Il y a 50 ans déjà le Colonel Bastien-Thiry était fusillé par la République française Empty
MessageSujet: Il y a 50 ans déjà le Colonel Bastien-Thiry était fusillé par la République française   Il y a 50 ans déjà le Colonel Bastien-Thiry était fusillé par la République française I_icon_minitimeSam 13 Avr - 10:23

Voilà 50 ans, le 11 mars 1963, que le Colonel Bastien-Thiry était fusillé (pour ne pas dire autre chose....)pour avoir été entre autre l'organisateur de l'attentat du Petit-Clamart contre le général de Gaulle en août 1962.
Voici une biographie succinte de cet homme:

1O octobre 1927
Naissance, à Lunéville, de Jean, Marie Bastien-Thiry

Mars 1930
Décès de la mère de Jean, qui laisse trois enfants: Jean, Hubert et Françoise

Septembre 1931
Remariage de son père.

Décembre 1931 à juillet 1939
La famille Bastien-Thiry réside à Metz, où le père de Jean est officier.
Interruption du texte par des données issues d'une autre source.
(* Let $(X,Y)\sim P_{XY}$ be a pair of random variables on finite alphabets $\mathcal{X}\times\mathcal{Y}$, and let $\varepsilon,\varepsilon_0,\varepsilon_1,\varepsilon_2,\varepsilon_3>0$ with $\varepsilon_0+\varepsilon_1+\varepsilon_2+\varepsilon_3\le\varepsilon$. (Lower bounds.) For every distributed encoding protocol $(e_{\mathcal X},e_{\mathcal Y},U)\in\Lambda_\varepsilon$ with codomains $\mathcal{C}_{\mathcal X},\mathcal{C}_{\mathcal Y}$, $$\log|\mathcal C_{\mathcal X}|\ge H_0^{\varepsilon}(X|Y),\qquad \log|\mathcal C_{\mathcal Y}|\ge H_0^{\varepsilon}(Y|X),\qquad \log|\mathcal C_{\mathcal X}|+\log|\mathcal C_{\mathcal Y}|\ge H_0^{\varepsilon}(X,Y).$$ (Achievability.) Let $\delta\ge 0$ be such that $\Pr\{(X,Y)\notin\mathcal{A}_\delta(P_{XY})\}\le\varepsilon_0$. Then for any finite sets $\mathcal C_{\mathcal X},\mathcal C_{\mathcal Y}$ satisfying $$\log|\mathcal C_{\mathcal X}|\ge \Xi^\delta_{\max}(P_{XY})-\Xi^\delta_{\min}(P_Y)-\log\varepsilon_1,$$ $$\log|\mathcal C_{\mathcal Y}|\ge \Xi^\delta_{\max}(P_{XY})-\Xi^\delta_{\min}(P_X)-\log\varepsilon_2,$$ $$\log|\mathcal C_{\mathcal X}|+\log|\mathcal C_{\mathcal Y}|\ge \Xi^\delta_{\max}(P_{XY})-\log\varepsilon_3,$$ there exists a distributed encoding protocol $(e_{\mathcal X},e_{\mathcal Y},U)\in\Lambda_\varepsilon$ with these codomains.
   Context: All logarithms are base 2; all random variables are discrete on finite alphabets. For a random variable $W$ on a finite alphabet $\mathcal W$, $H(W)$ is the Shannon entropy. Smooth entropies: for $\varepsilon\ge0$ and jointly distributed $(X,Y)$, the infima/suprema below range over pairs $(\bar X,\bar Y)$ defined on a common probability space with $(X,Y)$ such that $\Pr[(\bar X,\bar Y)\neq(X,Y)]\le\varepsilon$. $H_0^\varepsilon(X|Y):=\log\big[\inf_{(\bar X,\bar Y)}\max_{y}|\{x:P_{\bar X|\bar Y=y}(x)>0\}|\big]$; the unconditional versions are obtained with $Y$ trivial (constant). In particular $H_0^\varepsilon(X,Y)$ is $H_0^\varepsilon$ of the pair $W=(X,Y)$. $H_\infty^\delta(W):=-\log\big[\inf_{\bar W:\Pr[\bar W\neq W]\le\delta}\max_w P_{\bar W}(w)\big]$. $H_{-\infty}^\delta(W):=-\log\big[\sup_{\bar W:\Pr[\bar W\neq W]\le\delta}\min_{w:P_{\bar W}(w)>0}P_{\bar W}(w)\big]$. For a random variable $W$ on finite alphabet $\mathcal W$ and $\delta\ge0$: $\Xi^\delta_{\min}(P_W):=H(W)-|H(W)-H^\delta_\infty(W)|-\delta\log|\mathcal W|$ and $\Xi^\delta_{\max}(P_W):=H(W)+|H(W)-H^\delta_{-\infty}(W)|+\delta\log|\mathcal W|$ (for $W=(X,Y)$, $\mathcal W=\mathcal X\times\mathcal Y$). $\mathcal A_\delta(P_X):=\{x:\Xi^\delta_{\min}(P_X)\le-\log P_X(x)\le\Xi^\delta_{\max}(P_X)\}$, similarly $\mathcal A_\delta(P_Y)$, and $\mathcal A_\delta(P_{XY}):=\{(x,y):\Xi^\delta_{\min}(P_{XY})\le-\log P_{XY}(x,y)\le\Xi^\delta_{\max}(P_{XY}),\ x\in\mathcal A_\delta(P_X),\ y\in\mathcal A_\delta(P_Y)\}$. Distributed encoding protocols: for $0\le\varepsilon\le1$, $\Lambda_\varepsilon=\Lambda^P_\varepsilon(\mathcal X\times\mathcal Y\to\mathcal C_{\mathcal X}\times\mathcal C_{\mathcal Y})$ is the set of triples $(e_{\mathcal X},e_{\mathcal Y},U)$ where $U$ is a random variable with finite range $\mathcal U$, independent of $(X,Y)$ (shared randomness), $e_{\mathcal X}:\mathcal X\times\mathcal U\to\mathcal C_{\mathcal X}$, $e_{\mathcal Y}:\mathcal Y\times\mathcal U\to\mathcal C_{\mathcal Y}$, such that there exists a decoding function $g:\mathcal C_{\mathcal X}\times\mathcal C_{\mathcal Y}\times\mathcal U\to\mathcal X\times\mathcal Y$ with $\Pr\{g(e_{\mathcal X}(X,U),e_{\mathcal Y}(Y,U),U)\neq(X,Y)\}\le\varepsilon$. The encoding lengths are $\log|\mathcal C_{\mathcal X}|$ and $\log|\mathcal C_{\mathcal Y}|$. *)

theory Defs
  imports "HOL-Probability.Probability"
begin

definition shannon_H :: "'w::finite pmf \<Rightarrow> real" where
  "shannon_H p = - (\<Sum>w\<in>UNIV. pmf p w * log 2 (pmf p w))"

text \<open>Couplings (W, W') of W ~ p with some W' on the same alphabet such that Pr[W' \<noteq> W] \<le> eps.
  The first component is the original W, the second the smoothed variable.\<close>
definition smooth_couplings :: "'w pmf \<Rightarrow> real \<Rightarrow> ('w \<times> 'w) pmf set" where
  "smooth_couplings p eps =
     {Q. map_pmf fst Q = p \<and> measure_pmf.prob Q {z. fst z \<noteq> snd z} \<le> eps}"

definition H0_smooth :: "'w::finite pmf \<Rightarrow> real \<Rightarrow> real" where
  "H0_smooth p eps =
     log 2 (real (INF Q\<in>smooth_couplings p eps. card (set_pmf (map_pmf snd Q))))"

definition H0_cond_smooth :: "('a::finite \<times> 'b::finite) pmf \<Rightarrow> real \<Rightarrow> real" where
  "H0_cond_smooth p eps =
     log 2 (real (INF Q\<in>smooth_couplings p eps.
        Max ((\<lambda>y. card {x. pmf (map_pmf snd Q) (x, y) > 0}) ` UNIV)))"

definition Hinf_smooth :: "'w::finite pmf \<Rightarrow> real \<Rightarrow> real" where
  "Hinf_smooth p d =
     - log 2 (INF Q\<in>smooth_couplings p d. Max ((\<lambda>w. pmf (map_pmf snd Q) w) ` UNIV))"

definition Hneginf_smooth :: "'w::finite pmf \<Rightarrow> real \<Rightarrow> real" where
  "Hneginf_smooth p d =
     - log 2 (SUP Q\<in>smooth_couplings p d.
        Min {pmf (map_pmf snd Q) w | w. pmf (map_pmf snd Q) w > 0})"

definition Xi_min :: "'w::finite pmf \<Rightarrow> real \<Rightarrow> real" where
  "Xi_min p d = shannon_H p - \<bar>shannon_H p - Hinf_smooth p d\<bar>
                - d * log 2 (real (card (UNIV :: 'w set)))"

definition Xi_max :: "'w::finite pmf \<Rightarrow> real \<Rightarrow> real" where
  "Xi_max p d = shannon_H p + \<bar>shannon_H p - Hneginf_smooth p d\<bar>
                + d * log 2 (real (card (UNIV :: 'w set)))"

text \<open>Typical set A_\<delta>(P_W). Symbols with probability 0 have -log P = +\<infinity> and are
  excluded explicitly (Isabelle's log 2 0 = 0 would otherwise misrepresent this).\<close>
definition typ_set :: "'w::finite pmf \<Rightarrow> real \<Rightarrow> 'w set" where
  "typ_set p d = {w. pmf p w > 0 \<and> Xi_min p d \<le> - log 2 (pmf p w)
                       \<and> - log 2 (pmf p w) \<le> Xi_max p d}"

definition typ_set_joint :: "('x::finite \<times> 'y::finite) pmf \<Rightarrow> real \<Rightarrow> ('x \<times> 'y) set" where
  "typ_set_joint P d = {(x, y). (x, y) \<in> typ_set P d
        \<and> x \<in> typ_set (map_pmf fst P) d \<and> y \<in> typ_set (map_pmf snd P) d}"

text \<open>The shared randomness U has finite range,
  modelled as a distribution on nat with finite support; independence of U from (X,Y) is
  modelled by the product distribution.\<close>
definition in_Lambda ::
  "('x \<times> 'y) pmf \<Rightarrow> real \<Rightarrow> ('x \<Rightarrow> nat \<Rightarrow> 'cx) \<Rightarrow> ('y \<Rightarrow> nat \<Rightarrow> 'cy) \<Rightarrow> nat pmf \<Rightarrow> bool" where
  "in_Lambda P eps eX eY U \<longleftrightarrow> finite (set_pmf U) \<and>
     (\<exists>g :: 'cx \<Rightarrow> 'cy \<Rightarrow> nat \<Rightarrow> 'x \<times> 'y.
        measure_pmf.prob (pair_pmf P U)
          {((x, y), u). g (eX x u) (eY y u) u \<noteq> (x, y)} \<le> eps)"

end

theory Submission
  imports Defs
begin

text \<open>
  Converse: a protocol with shared randomness is an average of deterministic codes, so
  one of them already has error at most eps (derandomization).  A deterministic code
  (fX, fY, g) reconstructs (X, Y) with error at most eps; feeding the decoder output,
  or parts of it, into the definitions of the smooth max-entropies as the smoothed
  variable bounds H_0^eps(X|Y), H_0^eps(Y|X) and H_0^eps(X,Y) by the number of
  possible codewords.

  Achievability: random binning with the decoder that returns a jointly typical pair in
  the received bin.  On the typical set the probabilities are at least 2^-Xi_max, which
  bounds the number of typical pairs sharing a y, sharing an x, or in total; a union
  bound then shows that the average error over all binning functions is at most
  eps0 + eps1 + eps2 + eps3, so a good deterministic binning exists.
\<close>

lemma exists_le_weighted_average:
  fixes w f :: "'a \<Rightarrow> real"
  assumes "finite S" "S \<noteq> {}" "\<And>u. u \<in> S \<Longrightarrow> w u > 0"
    and "(\<Sum>u\<in>S. w u * f u) \<le> c * (\<Sum>u\<in>S. w u)"
  shows "\<exists>u\<in>S. f u \<le> c"
proof (rule ccontr)
  assume "\<not> (\<exists>u\<in>S. f u \<le> c)"
  then have "\<And>u. u \<in> S \<Longrightarrow> w u * c < w u * f u"
    using assms(3) by (auto simp: not_le)
  then have "(\<Sum>u\<in>S. w u * c) < (\<Sum>u\<in>S. w u * f u)"
    using assms(1,2) by (intro sum_strict_mono) auto
  moreover have "(\<Sum>u\<in>S. w u * c) = c * (\<Sum>u\<in>S. w u)"
    by (simp add: sum_distrib_left mult.commute)
  ultimately show False
    using assms(4) by linarith
qed

lemma measure_pair_pmf_sections:
  fixes P :: "'a pmf" and U :: "'b pmf"
  assumes fin: "finite (set_pmf U)"
  shows "measure_pmf.prob (pair_pmf P U) E =
           (\<Sum>u\<in>set_pmf U. pmf U u * measure_pmf.prob P {a. (a, u) \<in> E})"
proof -
  have pair_as_bind: "pair_pmf P U = bind_pmf U (\<lambda>u. map_pmf (\<lambda>a. (a, u)) P)"
    by (subst pair_commute_pmf) (simp add: pair_pmf_def map_pmf_def bind_assoc_pmf bind_return_pmf)
  have "measure_pmf.prob (pair_pmf P U) E =
      measure_pmf.expectation U (\<lambda>u. measure_pmf.prob (map_pmf (\<lambda>a. (a, u)) P) E)"
    unfolding pair_as_bind measure_pmf_bind
    by (rule measure_pmf.measure_bind[where N="count_space UNIV"])
       (auto simp: space_subprob_algebra intro: prob_space_imp_subprob_space prob_space_measure_pmf)
  also have "\<dots> = (\<Sum>u\<in>set_pmf U. pmf U u * measure_pmf.prob P {a. (a, u) \<in> E})"
    using fin by (subst integral_measure_pmf[of "set_pmf U"]) (auto simp: vimage_def)
  finally show ?thesis .
qed

lemma prob_as_sum:
  fixes P :: "'a::finite pmf"
  shows "measure_pmf.prob P A = (\<Sum>w\<in>UNIV. pmf P w * of_bool (w \<in> A))"
  by (simp add: measure_measure_pmf_finite)

text \<open>Monotonicity of log 2 on naturals; the case n = 0 is covered by the
  convention log 2 0 = 0.\<close>

lemma log_mono_nat: "n \<le> m \<Longrightarrow> 0 < m \<Longrightarrow> log 2 (real n) \<le> log 2 (real m)"
  by (cases "n = 0") (auto simp: log_def intro!: divide_right_mono)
Jean fait ses études au collège Saint-Clément.

Octobre 1939
Jean est pensionnaire. Sa famille habite Baccarat.

Mai 1940
Mme Bastien-Thiry part avec ses neuf enfants

Octobre 1940
Retour en Lorraine, installation à Lunéville. Études au collège Saint-Pierre Fourier. Scoutisme.

Juin 1944
Jean est reçu aux Baccalauréats Math-Elem et Philo. Bombardements de Lunéville. Jean se porte comme secouriste.Octobre 1944
Entrée en mathématiques supérieures au lycée Poincaré de Nancy.

Octobre 1945
Entrée en mathématiques spéciales, pour la préparation à Polytechnique, à Sainte Geneviève de Versailles.

Juillet 1947
Jean est reçu au concours d'entrée à Polytechnique. (Promotion 1947)

Octobre 1947 à octobre 1948
Service militaire. (Artillerie) Poitiers, Draguignan, puis en Allemagne : Idar Oberstein et Wackenheim. (Observation aérienne)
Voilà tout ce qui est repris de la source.